Mobile Helix - a mobile enterprise security company, recently published results from a survey indicating there is a huge gap between the desire for mobile business applications and the ability of companies to actually get these applications built!

An article summarizing the problem is shown below. It gives a good overview of why we built Alpha Anywhere, our new mobile development and deployment platform, in the first place.

In summary, we recognize that for most business applications, going the "native" route is simply too expensive, too time consuming and requires access to programmers who have specialized mobile development skills (Objective C, Java etc.)

Having accepted that HTML5 is the way to go, still leaves companies with a problem - namely that HTML5 also requires a fair amount of low level coding and knowledge in areas such as HTML5, CSS3, JavaScript, SQL, Web Services, mapping data onto Google Maps, reporting, handling of images and video, dashboards, charting, etc.)

Speeding up and simplifying the development of HTML5 business applications to empower a broader base of people to build these mobile applications -- along with desktop/laptop Web applications -- is what led us to Alpha Anywhere.

So far, customers tell us we have succeeded!

 

Cost, complexity and security concerns hold back mobile enterprise apps

The article can be reached here  http://betanews.com/2013/07/31/cost-complexity-and-security-concerns-hold-back-mobile-enterprise-apps/
or is also shown below for convenience.

Enterprise application and data security company Mobile Helix has announced the results of an independent survey of CIOs. It shows a large percentage of businesses delaying the roll out of enterprise apps on mobile devices thanks to concerns over security, costs and complexity.

Highlights of the survey, conducted among 300 CIOs in the US and UK, are that companies on average had over 400 applications within their organization but that only 22 percent of them could be accessed from mobile devices despite clear demand from employees for mobile access.

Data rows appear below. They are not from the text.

(* If $R$ is an Armendariz ring, then for every $n\ge 1$ the upper triangular matrix ring $T_n(R)$ is almost Armendariz.
   Context: All rings are associative with identity. A ring $R$ is Armendariz if whenever $f(x)=\sum_{i=0}^m a_ix^i$, $g(x)=\sum_{j=0}^n b_jx^j\in R[x]$ satisfy $f(x)g(x)=0$, then $a_ib_j=0$ for all $i,j$. For a ring $R$, $P(R)$ denotes the prime radical of $R$ (the intersection of all prime ideals of $R$, equivalently the set of strongly nilpotent elements of $R$). A ring $R$ is called almost Armendariz if whenever $f(x)=\sum_{i=0}^m a_ix^i$ and $g(x)=\sum_{j=0}^n b_jx^j\in R[x]$ satisfy $f(x)g(x)=0$, then $a_ib_j\in P(R)$ for all $0\le i\le m$, $0\le j\le n$. $T_n(R)$ denotes the ring of $n\times n$ upper triangular matrices over $R$. *)

theory Defs
  imports "HOL-Algebra.Ideal"
begin

text \<open>Polynomials f = sum a_i x^i (i \<le> m), g = sum b_j x^j (j \<le> n) over a
(not necessarily commutative) ring R are given by coefficient functions.\<close>

definition poly_prod_coeff ::
  "('a, 'm) ring_scheme \<Rightarrow> nat \<Rightarrow> nat \<Rightarrow> (nat \<Rightarrow> 'a) \<Rightarrow> (nat \<Rightarrow> 'a) \<Rightarrow> nat \<Rightarrow> 'a" where
  "poly_prod_coeff R m n a b k =
     finsum R (\<lambda>p. a (fst p) \<otimes>\<^bsub>R\<^esub> b (snd p))
       {p. fst p \<le> m \<and> snd p \<le> n \<and> fst p + snd p = k}"

definition armendariz :: "('a, 'm) ring_scheme \<Rightarrow> bool" where
  "armendariz R \<longleftrightarrow>
     (\<forall>m n a b. (\<forall>i\<le>m. a i \<in> carrier R) \<longrightarrow> (\<forall>j\<le>n. b j \<in> carrier R) \<longrightarrow>
        (\<forall>k. poly_prod_coeff R m n a b k = \<zero>\<^bsub>R\<^esub>) \<longrightarrow>
        (\<forall>i\<le>m. \<forall>j\<le>n. a i \<otimes>\<^bsub>R\<^esub> b j = \<zero>\<^bsub>R\<^esub>))"

text \<open>Prime ideals of a not necessarily commutative ring: proper two-sided
ideals P such that for ideals A, B with AB \<subseteq> P one has A \<subseteq> P or B \<subseteq> P.
(AB \<subseteq> P is equivalent to all products a b with a in A, b in B lying in P,
since P is closed under finite sums.)\<close>

definition nc_prime_ideal :: "('a, 'm) ring_scheme \<Rightarrow> 'a set \<Rightarrow> bool" where
  "nc_prime_ideal R P \<longleftrightarrow> ideal P R \<and> P \<noteq> carrier R \<and>
     (\<forall>A B. ideal A R \<longrightarrow> ideal B R \<longrightarrow>
        (\<forall>x\<in>A. \<forall>y\<in>B. x \<otimes>\<^bsub>R\<^esub> y \<in> P) \<longrightarrow> A \<subseteq> P \<or> B \<subseteq> P)"

text \<open>Prime radical: intersection of all prime ideals (carrier R if there are none).\<close>

definition prime_radical :: "('a, 'm) ring_scheme \<Rightarrow> 'a set" where
  "prime_radical R = carrier R \<inter> \<Inter> {P. nc_prime_ideal R P}"

definition almost_armendariz :: "('a, 'm) ring_scheme \<Rightarrow> bool" where
  "almost_armendariz R \<longleftrightarrow>
     (\<forall>m n a b. (\<forall>i\<le>m. a i \<in> carrier R) \<longrightarrow> (\<forall>j\<le>n. b j \<in> carrier R) \<longrightarrow>
        (\<forall>k. poly_prod_coeff R m n a b k = \<zero>\<^bsub>R\<^esub>) \<longrightarrow>
        (\<forall>i\<le>m. \<forall>j\<le>n. a i \<otimes>\<^bsub>R\<^esub> b j \<in> prime_radical R))"

text \<open>A matrix is a
function nat \<Rightarrow> nat \<Rightarrow> 'a with indices 0..n-1; entries outside the index range
and below the diagonal are zero.\<close>

definition upper_tri_ring :: "('a, 'm) ring_scheme \<Rightarrow> nat \<Rightarrow> (nat \<Rightarrow> nat \<Rightarrow> 'a) ring" where
  "upper_tri_ring R n =
     \<lparr>carrier = {M. (\<forall>i j. i < n \<and> j < n \<longrightarrow> M i j \<in> carrier R) \<and>
                    (\<forall>i j. \<not> (i \<le> j \<and> j < n) \<longrightarrow> M i j = \<zero>\<^bsub>R\<^esub>)},
      mult = (\<lambda>A B i j. if i < n \<and> j < n
                        then finsum R (\<lambda>k. A i k \<otimes>\<^bsub>R\<^esub> B k j) {..<n} else \<zero>\<^bsub>R\<^esub>),
      one = (\<lambda>i j. if i = j \<and> i < n then \<one>\<^bsub>R\<^esub> else \<zero>\<^bsub>R\<^esub>),
      zero = (\<lambda>i j. \<zero>\<^bsub>R\<^esub>),
      add = (\<lambda>A B i j. if i < n \<and> j < n then A i j \<oplus>\<^bsub>R\<^esub> B i j else \<zero>\<^bsub>R\<^esub>)\<rparr>"

end

theory Submission
  imports Defs
begin

text \<open>The strictly upper triangular matrices form an ideal J of T_n(R) with
J^n = 0, so J lies in every prime ideal. The diagonal entries of a product in
T_n(R) multiply entrywise, so f(x)g(x) = 0 over T_n(R) gives n vanishing
products of polynomials over R, one for each diagonal position. Since R is
Armendariz, every a_i b_j then has zero diagonal, i.e. lies in J and hence in
the prime radical.\<close>

lemma upper_tri_ring_simps:
  "carrier (upper_tri_ring R n) =
     {M. (\<forall>i j. i < n \<and> j < n \<longrightarrow> M i j \<in> carrier R) \<and>
         (\<forall>i j. \<not> (i \<le> j \<and> j < n) \<longrightarrow> M i j = \<zero>\<^bsub>R\<^esub>)}"
  "A \<otimes>\<^bsub>upper_tri_ring R n\<^esub> B =
     (\<lambda>i j. if i < n \<and> j < n then finsum R (\<lambda>l. A i l \<otimes>\<^bsub>R\<^esub> B l j) {..<n} else \<zero>\<^bsub>R\<^esub>)"
  "\<zero>\<^bsub>upper_tri_ring R n\<^esub> = (\<lambda>i j. \<zero>\<^bsub>R\<^esub>)"
  "A \<oplus>\<^bsub>upper_tri_ring R n\<^esub> B =
     (\<lambda>i j. if i < n \<and> j < n then A i j \<oplus>\<^bsub>R\<^esub> B i j else \<zero>\<^bsub>R\<^esub>)"
  by (simp_all add: upper_tri_ring_def)

lemma upper_tri_entry_closed:
  assumes "ring R" "M \<in> carrier (upper_tri_ring R n)"
  shows "M i j \<in> carrier R"
  using assms ring.ring_simprules(2)[OF assms(1)]
  by (cases "i < n \<and> j < n") (auto simp: upper_tri_ring_simps)

lemma upper_tri_mult_entry_eq_zero:
  assumes R: "ring R"
    and A: "A \<in> carrier (upper_tri_ring R n)" and B: "B \<in> carrier (upper_tri_ring R n)"
    and vanish: "\<And>l. l < n \<Longrightarrow> A i l = \<zero>\<^bsub>R\<^esub> \<or> B l j = \<zero>\<^bsub>R\<^esub>"
  shows "(A \<otimes>\<^bsub>upper_tri_ring R n\<^esub> B) i j = \<zero>\<^bsub>R\<^esub>"
proof -
  interpret ring R by fact
  have "finsum R (\<lambda>l. A i l \<otimes>\<^bsub>R\<^esub> B l j) {..<n} = finsum R (\<lambda>l. \<zero>\<^bsub>R\<^esub>) {..<n}"
  proof (rule finsum_cong')
    fix l assume "l \<in> {..<n}"
    then show "A i l \<otimes>\<^bsub>R\<^esub> B l j = \<zero>\<^bsub>R\<^esub>"
      using vanish[of l] upper_tri_entry_closed[OF R A] upper_tri_entry_closed[OF R B] by auto
  qed simp_all
  then show ?thesis by (simp add: upper_tri_ring_simps)
qed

Major barriers to adoption are development and support costs along with security.

Matt Bancroft, Co-Founder and COO for Mobile Helix says, "Users expect critical data and applications to be available on any device and in any context, both in mobile and fixed environments, in the way that is most familiar and convenient to them. CIOs understand the obvious benefits of empowering employees and making them more productive, yet only a small proportion of enterprise apps and critical data are currently mobilized".

A high proportion, 81 percent, of respondents to the survey say they believe the cost of developing apps for mobile use is too high because of the fragmented nature of the mobile market. Only a third of respondents felt they had the necessary skills to develop native mobile apps. Of companies that had developed a native app, 47 percent said they would have reservations about doing so again because of the cost and complexity involved.

"The current approach to mobility is limiting the market -- enterprises are now looking for solutions which will allow them to develop and deliver apps to their employees simply and cost effectively," Bancroft adds. "Every device platform on the market today has a high performance, HTML5-compliant engine. By taking this HTML5 browser-based approach, corporate IT can build a unified applications platform that extends across devices of all shapes and sizes, without compromise in functionality, performance, or security".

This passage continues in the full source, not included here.